:: ACTION ITEM ::
Among the records that follow, set down only the lines from the one containing "define \<xi>' where" to the one containing "E \<gamma> = \<eta>", both included, exactly.

:: GIVEN INFORMATION ::
lemma vcomm_vcomm_mu_eq_rho_h:
  assumes VAAA: "vcomm_set act (vcomm_set act (vcomm_set act UNIV A) A) A = {0}"
    and CVG: "vcent act UNIV (carrier G) = {0}"
    and e_in: "e \<in> A0 act A - {\<one>}" and ab: "a \<in> A" "b \<in> A" and v: "v \<in> vcent act UNIV A"
  shows "vcomm act (vcomm act (act v (mu G bf (inv e))) a) b
         = rho_h G act bf (mu G bf (inv e)) (a \<otimes> b) v
           - rho_h G act bf (mu G bf (inv e)) a v
           - rho_h G act bf (mu G bf (inv e)) b v"
proof -
  have e: "e \<in> A0 act A" "inv e \<in> A - {\<one>}"
    using e_in inv_mem_A_nonunit[of e] unfolding A0_def by auto
  define m where "m = mu G bf (inv e)"
  have m: "m \<in> carrier G" "conjset G A m = B"
    unfolding m_def using mu_closed conjset_A_mu e(2) by simp_all
  define b0 where "b0 = inv m \<otimes> e \<otimes> m"
  have eG: "e \<in> carrier G" using e(1) A_subset unfolding A0_def by auto
  have "b0 \<noteq> \<one>" unfolding b0_def using eG m(1) e_in by (simp add: m_assoc inv_solve_left')
  moreover have "b0 \<in> B" using e(1) m(2) unfolding b0_def A0_def conjset_def by blast
  ultimately have b0: "b0 \<in> B - {\<one>}" by simp
  have w: "act v m \<in> vcent act UNIV B"
    using act_in_vcent_conjset[OF v A_subset m(1)] m(2) by simp
  have abA: "a \<otimes> b \<in> A" using subgroup.m_closed[OF subgroup_A ab] .
  define D where "D x = vcomm act (act v m) x - rho_h G act bf m x v" for x
  have D_fixed: "act (D x) b0 = D x" if "x \<in> A" for x
    unfolding D_def b0_def using that m w b0
    by (intro vcomm_minus_rho_h_fixed vcomm_B_fixed_by_conj_A0[OF e(1)]) (auto simp: b0_def)
  define defect where "defect = vcomm act (vcomm act (act v m) a) b
      - (rho_h G act bf m (a \<otimes> b) v - rho_h G act bf m a v - rho_h G act bf m b v)"
  have "defect = D (a \<otimes> b) - D a - D b"
    unfolding defect_def D_def using vcomm_mult[of a b "act v m"] ab A_subset by (auto simp: subset_iff)
  then have "act defect b0 = defect" using D_fixed ab abA b0 B_subset
    by (auto simp: act_diff subset_iff)
  moreover have "defect \<in> vcent act UNIV A"
    unfolding defect_def using ab abA m(1) w A_subset
    by (intro vcent_diff vcomm_vcomm_in_vcent_A[OF VAAA] rho_h_in_vcent_A) auto
  ultimately have "defect \<in> vcent act UNIV (carrier G)" using b0 vcent_A_fixed_by_nonunit_of_B by blast
  then show ?thesis using CVG unfolding defect_def m_def by simp
qed

end

theorem proposition4p4:
  fixes G :: "('g,'m) monoid_scheme" and A B :: "'g set" and bf :: "'g \<Rightarrow> 'g"
    and act :: "'v::ab_group_add \<Rightarrow> 'g \<Rightarrow> 'v" and e :: 'g
  assumes rk: "rank_one_group G A B bf"
    and md: "right_module G act"
    and VAAA: "vcomm_set act (vcomm_set act (vcomm_set act UNIV A) A) A = {0}"
    and VGGG: "vcomm_set act (vcomm_set act (vcomm_set act UNIV (carrier G)) (carrier G)) (carrier G) \<noteq> {0}"
    and VG: "vcomm_set act UNIV (carrier G) = UNIV"
    and CVG: "vcent act UNIV (carrier G) = {0}"
    and e_in: "e \<in> A0 act A - {one G}"
    and e_sq: "(\<forall>v::'v. v + v = 0) \<and> (\<exists>x \<in> A. \<exists>y \<in> A. x \<otimes>\<^bsub>G\<^esub> y \<noteq> y \<otimes>\<^bsub>G\<^esub> x)
               \<longrightarrow> (\<exists>a \<in> A. e = a \<otimes>\<^bsub>G\<^esub> a)"
    and ab: "a \<in> A" "b \<in> A"
    and v: "v \<in> vcent act UNIV A"
  shows "vcomm act (vcomm act (act v (mu G bf (inv\<^bsub>G\<^esub> e))) a) b
         = rho_h G act bf (mu G bf (inv\<^bsub>G\<^esub> e)) (a \<otimes>\<^bsub>G\<^esub> b) v
           - rho_h G act bf (mu G bf (inv\<^bsub>G\<^esub> e)) a v
           - rho_h G act bf (mu G bf (inv\<^bsub>G\<^esub> e)) b v"
proof -
  have "group G" using rk unfolding rank_one_group_def by blast
  then interpret rank_one_module G A B bf act
    using rk md by (simp add: rank_one_module_def rank_one_def rank_one_axioms_def
        group_module_def group_module_axioms_def)
  show ?thesis using vcomm_vcomm_mu_eq_rho_h[OF VAAA CVG e_in ab v] .
qed

end
lemma sum_exchange_member_for_target:
  assumes "finite D" "i \<in> D"
  shows "(\<Sum>(S, j)\<in>Sigma {S. S \<subseteq> D \<and> card S = z \<and> i \<notin> S} (\<lambda>S. S). F (insert i (S - {j})))
       = (\<Sum>(S, j)\<in>Sigma {S. S \<subseteq> D \<and> card S = z \<and> i \<in> S} (\<lambda>S. D - S). F S)"
proof (rule sum.reindex_bij_witness[where i="\<lambda>(S, j). (insert j (S - {i}), j)"
                                     and j="\<lambda>(S, j). (insert i (S - {j}), j)"])
  fix p assume "p \<in> Sigma {S. S \<subseteq> D \<and> card S = z \<and> i \<notin> S} (\<lambda>S. S)"
  then obtain S j where p: "p = (S, j)" "S \<subseteq> D" "card S = z" "i \<notin> S" "j \<in> S"
    by auto
  then have "finite S" using assms(1) finite_subset by blast
  then show "(\<lambda>(S, j). (insert j (S - {i}), j)) ((\<lambda>(S, j). (insert i (S - {j}), j)) p) = p"
    "(\<lambda>(S, j). (insert i (S - {j}), j)) p \<in> Sigma {S. S \<subseteq> D \<and> card S = z \<and> i \<in> S} (\<lambda>S. D - S)"
    "(case (\<lambda>(S, j). (insert i (S - {j}), j)) p of (S, j) \<Rightarrow> F S) = (case p of (S, j) \<Rightarrow> F (insert i (S - {j})))"
    using p assms card_insert_Diff_singleton[of S j i] by auto
next
  fix p assume "p \<in> Sigma {S. S \<subseteq> D \<and> card S = z \<and> i \<in> S} (\<lambda>S. D - S)"
  then obtain S j where p: "p = (S, j)" "S \<subseteq> D" "card S = z" "i \<in> S" "j \<in> D" "j \<notin> S"
    by auto
  then have "finite S" using assms(1) finite_subset by blast
  then show "(\<lambda>(S, j). (insert i (S - {j}), j)) ((\<lambda>(S, j). (insert j (S - {i}), j)) p) = p"
    "(\<lambda>(S, j). (insert j (S - {i}), j)) p \<in> Sigma {S. S \<subseteq> D \<and> card S = z \<and> i \<notin> S} (\<lambda>S. S)"
    using p card_insert_Diff_singleton[of S i j] by auto
qed

lemma sum_subsets_without_target_exchange:
  fixes F :: "'s set \<Rightarrow> real"
  assumes "finite D" "i \<in> D"
  shows "(\<Sum>S\<in>{S. S \<subseteq> D \<and> card S = z \<and> i \<notin> S}. \<Sum>j\<in>S. F (insert i (S - {j})))
       = real (card D - z) * (\<Sum>S\<in>{S. S \<subseteq> D \<and> card S = z \<and> i \<in> S}. F S)"
proof -
  let ?A = "{S. S \<subseteq> D \<and> card S = z \<and> i \<notin> S}" and ?B = "{S. S \<subseteq> D \<and> card S = z \<and> i \<in> S}"
  have fin: "finite ?A" "finite ?B" "\<And>S. S \<subseteq> D \<Longrightarrow> finite S"
    using assms(1) finite_subset by auto
  have "(\<Sum>S\<in>?A. \<Sum>j\<in>S. F (insert i (S - {j}))) = (\<Sum>(S, j)\<in>Sigma ?A (\<lambda>S. S). F (insert i (S - {j})))"
    using fin by (subst sum.Sigma) auto
  also have "\<dots> = (\<Sum>(S, j)\<in>Sigma ?B (\<lambda>S. D - S). F S)"
    by (rule sum_exchange_member_for_target[OF assms])
  also have "\<dots> = (\<Sum>S\<in>?B. \<Sum>j\<in>D - S. F S)"
    using fin assms(1) by (subst sum.Sigma) auto
  also have "\<dots> = (\<Sum>S\<in>?B. real (card D - z) * F S)"
    using fin by (intro sum.cong refl) (auto simp: card_Diff_subset)
  finally show ?thesis
    by (simp add: sum_distrib_left)
qed

lemma card_subsets_without_target:
  assumes "finite D" "i \<in> D"
  shows "real z * card {S. S \<subseteq> D \<and> card S = z \<and> i \<notin> S}
       = real (card D - z) * card {S. S \<subseteq> D \<and> card S = z \<and> i \<in> S}"
proof -
  have "(\<Sum>S\<in>{S. S \<subseteq> D \<and> card S = z \<and> i \<notin> S}. \<Sum>j\<in>S. 1::real)
      = card {S. S \<subseteq> D \<and> card S = z \<and> i \<notin> S} * real z"
    using assms(1) finite_subset by simp
  then show ?thesis
    using sum_subsets_without_target_exchange[OF assms, where z=z and F="\<lambda>_. 1"]
    by (simp add: mult.commute)
qed

lemma mean_over_subsets_with_target_greater:
  assumes "finite D" "i \<in> D" "1 \<le> z" "z < card D" "fitting_assumption D q"
  defines "A \<equiv> {S. S \<subseteq> D \<and> card S = z \<and> i \<notin> S}"
    and "B \<equiv> {S. S \<subseteq> D \<and> card S = z \<and> i \<in> S}"
  shows "card B > 0" and "(\<Sum>S\<in>A. q i S) * card B < (\<Sum>S\<in>B. q i S) * card A"
proof -
  have fin_A: "finite A" and fin_S: "\<And>S. S \<in> A \<Longrightarrow> finite S"
    using assms(1) finite_subset by (auto simp: A_def)
  have "z \<le> card (D - {i})"
    using assms(1,2,4) by simp
  then obtain S1 where "S1 \<subseteq> D - {i}" "card S1 = z"
    by (meson obtain_subset_with_card_n)
  then have "S1 \<in> A" by (auto simp: A_def)
  then have A_pos: "card A > 0"
    using fin_A card_gt_0_iff by blast
  have count: "real z * card A = real (card D - z) * card B"
    unfolding A_def B_def by (rule card_subsets_without_target[OF assms(1,2)])
  then show B_pos: "card B > 0"
    using A_pos assms(3) by (cases "card B = 0") auto
  have "real z * (\<Sum>S\<in>A. q i S) = (\<Sum>S\<in>A. \<Sum>j\<in>S. q i S)"
    using fin_S by (simp add: A_def sum_distrib_left)
  also have "\<dots> < (\<Sum>S\<in>A. \<Sum>j\<in>S. q i (insert i (S - {j})))"
  proof (rule sum_strict_mono)
    fix S assume S: "S \<in> A"
    then have "S \<noteq> {}"
      using assms(3) by (auto simp: A_def)
    show "(\<Sum>j\<in>S. q i S) < (\<Sum>j\<in>S. q i (insert i (S - {j})))"
    proof (rule sum_strict_mono)
      fix j assume "j \<in> S"
      then show "q i S < q i (insert i (S - {j}))"
        using S assms(2,5) by (intro fitting_assumption_swap) (auto simp: A_def)
    qed (use fin_S S \<open>S \<noteq> {}\<close> in auto)
  qed (use fin_A \<open>S1 \<in> A\<close> in auto)
  also have "\<dots> = real (card D - z) * (\<Sum>S\<in>B. q i S)"
    unfolding A_def B_def by (rule sum_subsets_without_target_exchange[OF assms(1,2)])
  finally have "real z * (\<Sum>S\<in>A. q i S) * card B < real (card D - z) * (\<Sum>S\<in>B. q i S) * card B"
    using B_pos by (intro mult_strict_right_mono) auto
  also have "\<dots> = (\<Sum>S\<in>B. q i S) * (real (card D - z) * card B)"
    by (simp only: ac_simps)
  also have "\<dots> = real z * ((\<Sum>S\<in>B. q i S) * card A)"
    by (simp only: count[symmetric] mult.left_commute)
  finally show "(\<Sum>S\<in>A. q i S) * card B < (\<Sum>S\<in>B. q i S) * card A"
    using assms(3) by simp
qed
lemma prod_powi_eq_on_diagonal:
  fixes \<xi> :: "'b \<Rightarrow> 'a :: field"
  assumes "finite V" "\<alpha> \<in> V" "\<beta> \<in> V" "\<alpha> \<noteq> \<beta>" and diag: "\<xi> \<alpha> = \<xi> \<beta>" "\<xi> \<alpha> \<noteq> 0"
    and other: "\<And>\<delta>. \<delta> \<in> V \<Longrightarrow> \<delta> \<noteq> \<alpha> \<Longrightarrow> \<delta> \<noteq> \<beta> \<Longrightarrow> e \<delta> = e' \<delta>"
    and sum: "e \<alpha> + e \<beta> = e' \<alpha> + e' \<beta>"
  shows "(\<Prod>\<delta>\<in>V. \<xi> \<delta> powi e \<delta>) = (\<Prod>\<delta>\<in>V. \<xi> \<delta> powi e' \<delta>)"
proof -
  have split: "(\<Prod>\<delta>\<in>V. \<xi> \<delta> powi f \<delta>) = (\<Prod>\<delta>\<in>V - {\<alpha>, \<beta>}. \<xi> \<delta> powi f \<delta>) * \<xi> \<alpha> powi (f \<alpha> + f \<beta>)" for f
  proof -
    have "(\<Prod>\<delta>\<in>V. \<xi> \<delta> powi f \<delta>) = (\<Prod>\<delta>\<in>V - {\<alpha>, \<beta>}. \<xi> \<delta> powi f \<delta>) * (\<Prod>\<delta>\<in>{\<alpha>, \<beta>}. \<xi> \<delta> powi f \<delta>)"
      by (rule prod.subset_diff) (use assms(1-3) in auto)
    then show ?thesis
      using \<open>\<alpha> \<noteq> \<beta>\<close> diag by (simp add: power_int_add)
  qed
  have "(\<Prod>\<delta>\<in>V - {\<alpha>, \<beta>}. \<xi> \<delta> powi e \<delta>) = (\<Prod>\<delta>\<in>V - {\<alpha>, \<beta>}. \<xi> \<delta> powi e' \<delta>)"
    using other by (intro prod.cong) auto
  then show ?thesis
    unfolding split[of e] split[of e'] sum by simp
qed

lemma prod_powi_substitute_quotient:
  fixes \<xi> :: "'b \<Rightarrow> 'a :: field"
  assumes "finite S" "\<gamma> \<in> S" and nz: "\<forall>\<delta>\<in>S - {\<gamma>}. \<xi> \<delta> \<noteq> 0"
  shows "(\<Prod>\<delta>\<in>S. (\<xi>(\<gamma> := \<eta> / (\<Prod>\<delta>\<in>S - {\<gamma>}. \<xi> \<delta>))) \<delta> powi E \<delta>)
       = \<eta> powi E \<gamma> * (\<Prod>\<delta>\<in>S - {\<gamma>}. \<xi> \<delta> powi (E \<delta> - E \<gamma>))"
proof -
  let ?V = "S - {\<gamma>}"
  define \<xi>' where "\<xi>' = \<xi>(\<gamma> := \<eta> / prod \<xi> ?V)"
  have "(\<Prod>\<delta>\<in>S. \<xi>' \<delta> powi E \<delta>) = \<xi>' \<gamma> powi E \<gamma> * (\<Prod>\<delta>\<in>?V. \<xi>' \<delta> powi E \<delta>)"
    by (rule prod.remove[OF assms(1,2)])
  also have "(\<Prod>\<delta>\<in>?V. \<xi>' \<delta> powi E \<delta>) = (\<Prod>\<delta>\<in>?V. \<xi> \<delta> powi E \<delta>)"
    by (rule prod.cong) (auto simp: \<xi>'_def)
  also have "\<xi>' \<gamma> powi E \<gamma> = \<eta> powi E \<gamma> / (\<Prod>\<delta>\<in>?V. \<xi> \<delta> powi E \<gamma>)"
    by (simp add: \<xi>'_def power_int_divide_distrib prod_power_int_distrib)
  also have "\<eta> powi E \<gamma> / (\<Prod>\<delta>\<in>?V. \<xi> \<delta> powi E \<gamma>) * (\<Prod>\<delta>\<in>?V. \<xi> \<delta> powi E \<delta>)
      = \<eta> powi E \<gamma> * (\<Prod>\<delta>\<in>?V. \<xi> \<delta> powi E \<delta> / \<xi> \<delta> powi E \<gamma>)"
    by (simp add: prod_dividef)
  also have "\<dots> = \<eta> powi E \<gamma> * (\<Prod>\<delta>\<in>?V. \<xi> \<delta> powi (E \<delta> - E \<gamma>))"
    using nz by (simp add: power_int_diff)
  finally show ?thesis unfolding \<xi>'_def .
qed

lemma card_permutes_less:
  assumes perm: "\<sigma> permutes {1..N}" and j: "j \<in> {1..N}"
  shows "card {i\<in>{1..N}. \<sigma> i < \<sigma> j} = \<sigma> j - 1"
proof -
  have "\<sigma> ` {i\<in>{1..N}. \<sigma> i < \<sigma> j} = {v\<in>\<sigma> ` {1..N}. v < \<sigma> j}"
    by blast
  also have "\<dots> = {1..<\<sigma> j}"
    using permutes_image[OF perm] permutes_in_image[OF perm, of j] j by auto
  finally have "\<sigma> ` {i\<in>{1..N}. \<sigma> i < \<sigma> j} = {1..<\<sigma> j}" .
  moreover have "inj_on \<sigma> {i\<in>{1..N}. \<sigma> i < \<sigma> j}"
    using permutes_inj_on[OF perm] by blast
  ultimately show ?thesis
    using card_image by fastforce
qed

lemma inversion_count_diff:
  assumes perm: "\<sigma> permutes {1..N}" and j: "j \<in> {1..N}"
  shows "int (card {i\<in>{1..N}. i < j \<and> \<sigma> j < \<sigma> i}) - int (card {i\<in>{1..N}. j < i \<and> \<sigma> i < \<sigma> j})
         = int j - int (\<sigma> j)"
proof -
  let ?S = "{1..N}"
  have neq: "\<sigma> i \<noteq> \<sigma> j" if "i \<noteq> j" for i
    using permutes_inj[OF perm] that by (auto dest: injD)
  have "{i\<in>?S. i < j} = {1..<j}"
    using j by auto
  then have "j - 1 = card {i\<in>?S. i < j}"
    by simp
  also have "\<dots> = card {i\<in>?S. i < j \<and> \<sigma> j < \<sigma> i} + card {i\<in>?S. i < j \<and> \<sigma> i < \<sigma> j}"
    using neq by (subst card_Collect_split[OF finite_atLeastAtMost, where Q = "\<lambda>i. \<sigma> j < \<sigma> i"])
      (rule arg_cong2[where f = "(+)"]; rule arg_cong[where f = card]; auto simp: nat_neq_iff)
  finally have left: "j - 1 = \<dots>" .
  have "\<sigma> j - 1 = card {i\<in>?S. \<sigma> i < \<sigma> j}"
    using card_permutes_less[OF perm j] ..
  also have "\<dots> = card {i\<in>?S. i < j \<and> \<sigma> i < \<sigma> j} + card {i\<in>?S. j < i \<and> \<sigma> i < \<sigma> j}"
    by (subst card_Collect_split[OF finite_atLeastAtMost, where Q = "\<lambda>i. i < j"])
      (rule arg_cong2[where f = "(+)"]; rule arg_cong[where f = card]; auto simp: not_less le_less)
  finally have right: "\<sigma> j - 1 = \<dots>" .
  have "1 \<le> j" "1 \<le> \<sigma> j" using j permutes_in_image[OF perm, of j] by auto
  with left right show ?thesis by linarith
qed

lemma inversions_eq_image:
  "inversions N \<sigma> = map_prod \<sigma> \<sigma> ` (SIGMA i:{1..N}. {j\<in>{1..N}. i < j \<and> \<sigma> j < \<sigma> i})"
  unfolding inversions_def by force

lemma prod_inversions_eq:
  fixes \<xi> :: "nat \<Rightarrow> 'a :: field"
  assumes perm: "\<sigma> permutes {1..N}" and nz: "\<forall>\<delta>\<in>{1..N}. \<xi> \<delta> \<noteq> 0"
  shows "(\<Prod>(b, a)\<in>inversions N \<sigma>. \<xi> a / \<xi> b) = (\<Prod>j\<in>{1..N}. \<xi> (\<sigma> j) powi (int j - int (\<sigma> j)))"
proof -
  let ?S = "{1..N}"
  let ?L = "\<lambda>j. card {i\<in>?S. i < j \<and> \<sigma> j < \<sigma> i}"
  let ?R = "\<lambda>i. card {j\<in>?S. i < j \<and> \<sigma> j < \<sigma> i}"
  have inj: "inj_on (map_prod \<sigma> \<sigma>) A" for A
    using permutes_inj[OF perm] by (auto simp: inj_on_def dest: injD)
  have "(\<Prod>(b, a)\<in>inversions N \<sigma>. \<xi> a / \<xi> b)
      = (\<Prod>i\<in>?S. \<Prod>j\<in>{j\<in>?S. i < j \<and> \<sigma> j < \<sigma> i}. \<xi> (\<sigma> j) / \<xi> (\<sigma> i))"
    unfolding inversions_eq_image prod.reindex[OF inj] by (simp add: prod.Sigma case_prod_beta')
  also have "\<dots> = (\<Prod>i\<in>?S. \<Prod>j\<in>{j\<in>?S. i < j \<and> \<sigma> j < \<sigma> i}. \<xi> (\<sigma> j))
                  / (\<Prod>i\<in>?S. \<xi> (\<sigma> i) ^ ?R i)"
    by (simp add: prod_dividef)
  also have "(\<Prod>i\<in>?S. \<Prod>j\<in>{j\<in>?S. i < j \<and> \<sigma> j < \<sigma> i}. \<xi> (\<sigma> j)) = (\<Prod>j\<in>?S. \<xi> (\<sigma> j) ^ ?L j)"
    by (subst prod.swap_restrict) auto
  also have "(\<Prod>j\<in>?S. \<xi> (\<sigma> j) ^ ?L j) / (\<Prod>i\<in>?S. \<xi> (\<sigma> i) ^ ?R i)
      = (\<Prod>j\<in>?S. \<xi> (\<sigma> j) powi (int (?L j) - int (?R j)))"
    using nz permutes_in_image[OF perm] by (simp add: prod_dividef[symmetric] power_int_diff)
  also have "\<dots> = (\<Prod>j\<in>?S. \<xi> (\<sigma> j) powi (int j - int (\<sigma> j)))"
    using inversion_count_diff[OF perm] by simp
  finally show ?thesis .
qed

:: TASK RESULT ::
  define \<xi>' where "\<xi>' = \<xi>(\<gamma> := \<eta> / prod \<xi> ?V)"
  have "(\<Prod>\<delta>\<in>S. \<xi>' \<delta> powi E \<delta>) = \<xi>' \<gamma> powi E \<gamma> * (\<Prod>\<delta>\<in>?V. \<xi>' \<delta> powi E \<delta>)"
    by (rule prod.remove[OF assms(1,2)])
  also have "(\<Prod>\<delta>\<in>?V. \<xi>' \<delta> powi E \<delta>) = (\<Prod>\<delta>\<in>?V. \<xi> \<delta> powi E \<delta>)"
    by (rule prod.cong) (auto simp: \<xi>'_def)
  also have "\<xi>' \<gamma> powi E \<gamma> = \<eta> powi E \<gamma> / (\<Prod>\<delta>\<in>?V. \<xi> \<delta> powi E \<gamma>)"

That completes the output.